** Opening Information supplied block **

(* Let $\alpha=\alpha(s)$ be a timelike unit speed curve in $\mathbb{S}_1^3$ with geodesic curvature $\kappa_g>0$ and geodesic torsion $\tau_g\neq0$. Then $\alpha$ is congruent to a timelike rectifying curve if and only if $$\frac{\tau_g}{\kappa_g}(s)=\mu_1\sinh(s+s_0)+\mu_2\cosh(s+s_0)$$ for some constants $\mu_1,\mu_2,s_0$ with $\mu_2^2-\mu_1^2<1$.
   Context: Minkowski 4-space $\mathbb{R}_1^4$ is $\mathbb{R}^4$ with $\langle x,y\rangle=-x_1y_1+x_2y_2+x_3y_3+x_4y_4$, $\|x\|=\sqrt{|\langle x,x\rangle|}$. De Sitter 3-space is $\mathbb{S}_1^3=\{x:\langle x,x\rangle=1\}$ with Levi-Civita connection $\overline\nabla$. For a timelike unit speed curve $\alpha(s)$ in $\mathbb{S}_1^3$ ($\langle\alpha',\alpha'\rangle=-1$): $T_\alpha=\alpha'$, $\kappa_g=\|T_\alpha'-\alpha\|$, $N_\alpha=(T_\alpha'-\alpha)/\kappa_g$ (spacelike), $B_\alpha=\alpha\times T_\alpha\times N_\alpha$ (the formal determinant with first row $(-e_1,e_2,e_3,e_4)$ and rows $\alpha,T_\alpha,N_\alpha$), $\tau_g=\langle\overline\nabla_{T_\alpha}N_\alpha,B_\alpha\rangle=\det(\alpha,\alpha',\alpha'',\alpha''')/\kappa_g^2$; Frenet equations $T_\alpha'=\alpha+\kappa_gN_\alpha$, $N_\alpha'=\kappa_gT_\alpha+\tau_gB_\alpha$, $B_\alpha'=-\tau_gN_\alpha$. A timelike non-geodesic curve $\alpha$ is a timelike rectifying curve if there is a fixed point $p\in\mathbb{S}_1^3$ with $\pm p\notin\mathrm{Im}(\alpha)$ such that for every $s$ the tangent vector at $\alpha(s)$ of the geodesic of $\mathbb{S}_1^3$ joining $p$ and $\alpha(s)$ is pseudo-orthogonal to $N_\alpha(s)$ (i.e. this geodesic is pseudo-orthogonal to the principal normal geodesic $\cos(t)\alpha(s)+\sin(t)N_\alpha(s)$ at $\alpha(s)$). Congruence is by isometries of $\mathbb{S}_1^3$. *)

theory Defs
  imports "HOL-Analysis.Analysis"
begin

definition mink :: "real^4 \<Rightarrow> real^4 \<Rightarrow> real" where
  "mink x y = - (x$1 * y$1) + x$2 * y$2 + x$3 * y$3 + x$4 * y$4"

definition mnorm :: "real^4 \<Rightarrow> real" where
  "mnorm x = sqrt \<bar>mink x x\<bar>"

text \<open>A smooth curve on the open interval I together with the family of all its
  derivatives: d 0 = the curve, d (Suc k) = derivative of d k on I.\<close>

definition deriv_family :: "real set \<Rightarrow> (nat \<Rightarrow> real \<Rightarrow> real^4) \<Rightarrow> bool" where
  "deriv_family I d \<longleftrightarrow>
     (\<forall>k. \<forall>s\<in>I. (d k has_vector_derivative d (Suc k) s) (at s))"

definition timelike_unit_dS :: "real set \<Rightarrow> (nat \<Rightarrow> real \<Rightarrow> real^4) \<Rightarrow> bool" where
  "timelike_unit_dS I d \<longleftrightarrow> deriv_family I d \<and>
     (\<forall>s\<in>I. mink (d 0 s) (d 0 s) = 1 \<and> mink (d 1 s) (d 1 s) = -1)"

definition kappa_g :: "(nat \<Rightarrow> real \<Rightarrow> real^4) \<Rightarrow> real \<Rightarrow> real" where
  "kappa_g d s = mnorm (d 2 s - d 0 s)"

definition normal_g :: "(nat \<Rightarrow> real \<Rightarrow> real^4) \<Rightarrow> real \<Rightarrow> real^4" where
  "normal_g d s = (1 / kappa_g d s) *\<^sub>R (d 2 s - d 0 s)"

definition tau_g :: "(nat \<Rightarrow> real \<Rightarrow> real^4) \<Rightarrow> real \<Rightarrow> real" where
  "tau_g d s = det (vector [d 0 s, d 1 s, d 2 s, d 3 s] :: real^4^4) / (kappa_g d s)^2"

text \<open>Tangent direction at x of the geodesic of de Sitter space joining p and x:
  the pseudo-orthogonal projection of p onto the tangent space at x.\<close>

definition geod_tangent :: "real^4 \<Rightarrow> real^4 \<Rightarrow> real^4" where
  "geod_tangent p x = p - mink p x *\<^sub>R x"

definition timelike_rectifying :: "real set \<Rightarrow> (real \<Rightarrow> real^4) \<Rightarrow> bool" where
  "timelike_rectifying I \<beta> \<longleftrightarrow>
     (\<exists>d. d 0 = \<beta> \<and> timelike_unit_dS I d \<and> (\<forall>s\<in>I. kappa_g d s > 0) \<and>
        (\<exists>p. mink p p = 1 \<and> (\<forall>s\<in>I. \<beta> s \<noteq> p \<and> \<beta> s \<noteq> - p) \<and>
             (\<forall>s\<in>I. mink (geod_tangent p (\<beta> s)) (normal_g d s) = 0)))"

text \<open>Isometries of de Sitter space: (restrictions of) linear maps of R^4_1
  preserving the Minkowski inner product.\<close>

definition lorentz_iso :: "(real^4 \<Rightarrow> real^4) \<Rightarrow> bool" where
  "lorentz_iso A \<longleftrightarrow> linear A \<and> (\<forall>x y. mink (A x) (A y) = mink x y)"

definition congruent_to_rectifying :: "real set \<Rightarrow> (real \<Rightarrow> real^4) \<Rightarrow> bool" where
  "congruent_to_rectifying I \<alpha> \<longleftrightarrow>
     (\<exists>A. lorentz_iso A \<and> timelike_rectifying I (A \<circ> \<alpha>))"

end

theory Submission
  imports Defs
begin

text \<open>
Along a timelike curve \<open>\<alpha>\<close> in de Sitter space with \<open>\<kappa>\<^sub>g > 0\<close> the pseudo-orthonormal frame
\<open>(\<alpha>, T, N, B)\<close> satisfies \<open>\<alpha>' = T\<close>, \<open>T' = \<alpha> + \<kappa>\<^sub>g N\<close>, \<open>N' = \<kappa>\<^sub>g T + \<tau>\<^sub>g B\<close>, \<open>B' = -\<tau>\<^sub>g N\<close>.
For a unit point \<open>p\<close>, the rectifying condition says exactly \<open>\<langle>p, N\<rangle> = 0\<close>. Then
\<open>h = \<langle>p, \<alpha>\<rangle>\<close> and \<open>g = \<langle>p, T\<rangle>\<close> satisfy \<open>h' = g\<close>, \<open>g' = h\<close>, so they are combinations of
\<open>sinh\<close> and \<open>cosh\<close>; \<open>K = \<langle>p, B\<rangle>\<close> is constant, and differentiating \<open>\<langle>p, N\<rangle> = 0\<close> gives
\<open>\<kappa>\<^sub>g g + \<tau>\<^sub>g K = 0\<close>, hence \<open>\<tau>\<^sub>g/\<kappa>\<^sub>g = -g/K\<close>. The constraint \<open>\<mu>\<^sub>2\<^sup>2 - \<mu>\<^sub>1\<^sup>2 < 1\<close> is the
normalisation \<open>1 = \<langle>p, p\<rangle> = h\<^sup>2 - g\<^sup>2 + K\<^sup>2\<close>, which also forces \<open>K \<noteq> 0\<close> and thus \<open>\<plusminus>p \<notin> \<alpha>\<close>.
Conversely, with \<open>f = \<tau>\<^sub>g/\<kappa>\<^sub>g\<close> the point \<open>c (B + f T - f' \<alpha>)\<close> is constant along the curve
and is a rectifying point for a suitable \<open>c > 0\<close>. Lorentz isometries carry the frame of
\<open>\<alpha>\<close> to that of its image, so congruence reduces to the curve itself.
\<close>

section \<open>Minkowski inner product\<close>

lemma mink_commute: "mink x y = mink y x"
  by (simp add: mink_def algebra_simps)

lemma mink_add_left: "mink (x + y) z = mink x z + mink y z"
  and mink_add_right: "mink x (y + z) = mink x y + mink x z"
  and mink_diff_left: "mink (x - y) z = mink x z - mink y z"
  and mink_diff_right: "mink x (y - z) = mink x y - mink x z"
  and mink_scaleR_left: "mink (c *\<^sub>R x) y = c * mink x y"
  and mink_scaleR_right: "mink x (c *\<^sub>R y) = c * mink x y"
  and mink_minus_left: "mink (- x) y = - mink x y"
  and mink_minus_right: "mink x (- y) = - mink x y"
  and mink_zero_left: "mink 0 y = 0"
  and mink_zero_right: "mink x 0 = 0"
  by (simp_all add: mink_def algebra_simps)

lemmas mink_simps = mink_add_left mink_add_right mink_diff_left mink_diff_right
  mink_scaleR_left mink_scaleR_right mink_minus_left mink_minus_right mink_zero_left mink_zero_right

lemma bounded_bilinear_mink: "bounded_bilinear mink"
  unfolding bilinear_conv_bounded_bilinear[symmetric] bilinear_def
  by (auto intro!: linearI simp: mink_simps)

lemma mink_has_real_derivative:
  assumes "(f has_vector_derivative f') (at t)" and "(g has_vector_derivative g') (at t)"
  shows "((\<lambda>t. mink (f t) (g t)) has_real_derivative mink f' (g t) + mink (f t) g') (at t)"
  using bounded_bilinear.has_vector_derivative[OF bounded_bilinear_mink assms]
  by (simp add: has_real_derivative_iff_has_vector_derivative add.commute)

lemma mink_nondegenerate:
  assumes "\<And>y. mink x y = 0"
  shows "x = 0"
proof -
  have "x $ 1 = 0" "x $ 2 = 0" "x $ 3 = 0" "x $ 4 = 0"
    using assms[of "axis 1 1"] assms[of "axis 2 1"] assms[of "axis 3 1"] assms[of "axis 4 1"]
    by (simp_all add: mink_def axis_def)
  then show ?thesis
    by (simp add: vec_eq_iff forall_4)
qed

lemma mink_orthogonal_timelike_nonneg:
  assumes "mink u u < 0" and "mink v u = 0"
  shows "mink v v \<ge> 0"
proof -
  define S where "S = (v$2)^2 + (v$3)^2 + (v$4)^2"
  define R where "R = (u$2)^2 + (u$3)^2 + (u$4)^2"
  define X where "X = v$2 * u$2 + v$3 * u$3 + v$4 * u$4"
  have R_less: "R < (u$1)^2"
    using assms(1) by (simp add: mink_def R_def power2_eq_square)
  have "v$1 * u$1 = X"
    using assms(2) by (simp add: mink_def X_def)
  then have "(v$1)^2 * (u$1)^2 = X^2"
    by (simp add: power_mult_distrib[symmetric])
  also have "X^2 \<le> S * R"
  proof -
    have "S * R - X^2 =
        (v$2 * u$3 - v$3 * u$2)^2 + (v$2 * u$4 - v$4 * u$2)^2 + (v$3 * u$4 - v$4 * u$3)^2"
      unfolding S_def R_def X_def power2_eq_square by (simp add: algebra_simps)
    then show ?thesis
      by (smt (verit) zero_le_power2)
  qed
  also have "S * R \<le> S * (u$1)^2"
    using R_less by (simp add: S_def mult_left_mono)
  finally have "(v$1)^2 \<le> S"
    using R_less by (smt (verit) mult_right_le_imp_le zero_le_power2 R_def)
  then show ?thesis
    by (simp add: mink_def S_def power2_eq_square)
qed

section \<open>Four-by-four determinants and the ternary cross product\<close>

lemma vector_4 [simp]:
  "(vector [x, y, z, w] :: ('a::zero)^4) $ 1 = x"
  "(vector [x, y, z, w] :: ('a::zero)^4) $ 2 = y"
  "(vector [x, y, z, w] :: ('a::zero)^4) $ 3 = z"
  "(vector [x, y, z, w] :: ('a::zero)^4) $ 4 = w"
  unfolding vector_def by simp_all

lemma det_4:
  "det (A::'a::comm_ring_1^4^4) =
      A$1$1 * A$2$2 * A$3$3 * A$4$4 - A$1$1 * A$2$2 * A$3$4 * A$4$3
    - A$1$1 * A$2$3 * A$3$2 * A$4$4 + A$1$1 * A$2$3 * A$3$4 * A$4$2
    + A$1$1 * A$2$4 * A$3$2 * A$4$3 - A$1$1 * A$2$4 * A$3$3 * A$4$2
    - A$1$2 * A$2$1 * A$3$3 * A$4$4 + A$1$2 * A$2$1 * A$3$4 * A$4$3
    + A$1$2 * A$2$3 * A$3$1 * A$4$4 - A$1$2 * A$2$3 * A$3$4 * A$4$1
    - A$1$2 * A$2$4 * A$3$1 * A$4$3 + A$1$2 * A$2$4 * A$3$3 * A$4$1
    + A$1$3 * A$2$1 * A$3$2 * A$4$4 - A$1$3 * A$2$1 * A$3$4 * A$4$2
    - A$1$3 * A$2$2 * A$3$1 * A$4$4 + A$1$3 * A$2$2 * A$3$4 * A$4$1
    + A$1$3 * A$2$4 * A$3$1 * A$4$2 - A$1$3 * A$2$4 * A$3$2 * A$4$1
    - A$1$4 * A$2$1 * A$3$2 * A$4$3 + A$1$4 * A$2$1 * A$3$3 * A$4$2
    + A$1$4 * A$2$2 * A$3$1 * A$4$3 - A$1$4 * A$2$2 * A$3$3 * A$4$1
    - A$1$4 * A$2$3 * A$3$1 * A$4$2 + A$1$4 * A$2$3 * A$3$2 * A$4$1"
proof -
  have f1234: "finite {2::4, 3, 4}" "1 \<notin> {2::4, 3, 4}" by auto
  have f234: "finite {3::4, 4}" "2 \<notin> {3::4, 4}" by auto
  have f34: "finite {4::4}" "3 \<notin> {4::4}" by auto
  show ?thesis
    unfolding det_def UNIV_4
    unfolding sum_over_permutations_insert[OF f1234]
    unfolding sum_over_permutations_insert[OF f234]
    unfolding sum_over_permutations_insert[OF f34]
    unfolding permutes_sing
    by (simp add: sign_swap_id permutation_swap_id permutation_compose sign_compose
        swap_id_eq algebra_simps)
qed

definition det4 :: "real^4 \<Rightarrow> real^4 \<Rightarrow> real^4 \<Rightarrow> real^4 \<Rightarrow> real" where
  "det4 u v w x = det (vector [u, v, w, x] :: real^4^4)"

lemma det4_expand: "det4 u v w x =
    u$1 * v$2 * w$3 * x$4 - u$1 * v$2 * w$4 * x$3 - u$1 * v$3 * w$2 * x$4
  + u$1 * v$3 * w$4 * x$2 + u$1 * v$4 * w$2 * x$3 - u$1 * v$4 * w$3 * x$2
  - u$2 * v$1 * w$3 * x$4 + u$2 * v$1 * w$4 * x$3 + u$2 * v$3 * w$1 * x$4
  - u$2 * v$3 * w$4 * x$1 - u$2 * v$4 * w$1 * x$3 + u$2 * v$4 * w$3 * x$1
  + u$3 * v$1 * w$2 * x$4 - u$3 * v$1 * w$4 * x$2 - u$3 * v$2 * w$1 * x$4
  + u$3 * v$2 * w$4 * x$1 + u$3 * v$4 * w$1 * x$2 - u$3 * v$4 * w$2 * x$1
  - u$4 * v$1 * w$2 * x$3 + u$4 * v$1 * w$3 * x$2 + u$4 * v$2 * w$1 * x$3
  - u$4 * v$2 * w$3 * x$1 - u$4 * v$3 * w$1 * x$2 + u$4 * v$3 * w$2 * x$1"
  unfolding det4_def det_4 by simp

lemma det4_add1: "det4 (a + b) v w x = det4 a v w x + det4 b v w x"
  and det4_add2: "det4 u (a + b) w x = det4 u a w x + det4 u b w x"
  and det4_add3: "det4 u v (a + b) x = det4 u v a x + det4 u v b x"
  and det4_add4: "det4 u v w (a + b) = det4 u v w a + det4 u v w b"
  and det4_diff1: "det4 (a - b) v w x = det4 a v w x - det4 b v w x"
  and det4_diff2: "det4 u (a - b) w x = det4 u a w x - det4 u b w x"
  and det4_diff3: "det4 u v (a - b) x = det4 u v a x - det4 u v b x"
  and det4_diff4: "det4 u v w (a - b) = det4 u v w a - det4 u v w b"
  and det4_scaleR1: "det4 (c *\<^sub>R a) v w x = c * det4 a v w x"
  and det4_scaleR2: "det4 u (c *\<^sub>R a) w x = c * det4 u a w x"
  and det4_scaleR3: "det4 u v (c *\<^sub>R a) x = c * det4 u v a x"
  and det4_scaleR4: "det4 u v w (c *\<^sub>R a) = c * det4 u v w a"
  and det4_zero4: "det4 u v w 0 = 0"
  by (simp_all add: det4_expand algebra_simps)

lemmas det4_multilinear = det4_add1 det4_add2 det4_add3 det4_add4
  det4_diff1 det4_diff2 det4_diff3 det4_diff4
  det4_scaleR1 det4_scaleR2 det4_scaleR3 det4_scaleR4 det4_zero4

** Closing Information supplied block **

■ What is expected: Would you print, exactly as written, every line above from the one holding "unfolding sum_over_permutations_insert[OF f234]" through the one holding "x = det (vector", with both included and no other lines?

■ Result for this exercise:
    unfolding sum_over_permutations_insert[OF f234]
    unfolding sum_over_permutations_insert[OF f34]
    unfolding permutes_sing
    by (simp add: sign_swap_id permutation_swap_id permutation_compose sign_compose
        swap_id_eq algebra_simps)
qed

definition det4 :: "real^4 \<Rightarrow> real^4 \<Rightarrow> real^4 \<Rightarrow> real^4 \<Rightarrow> real" where
  "det4 u v w x = det (vector [u, v, w, x] :: real^4^4)"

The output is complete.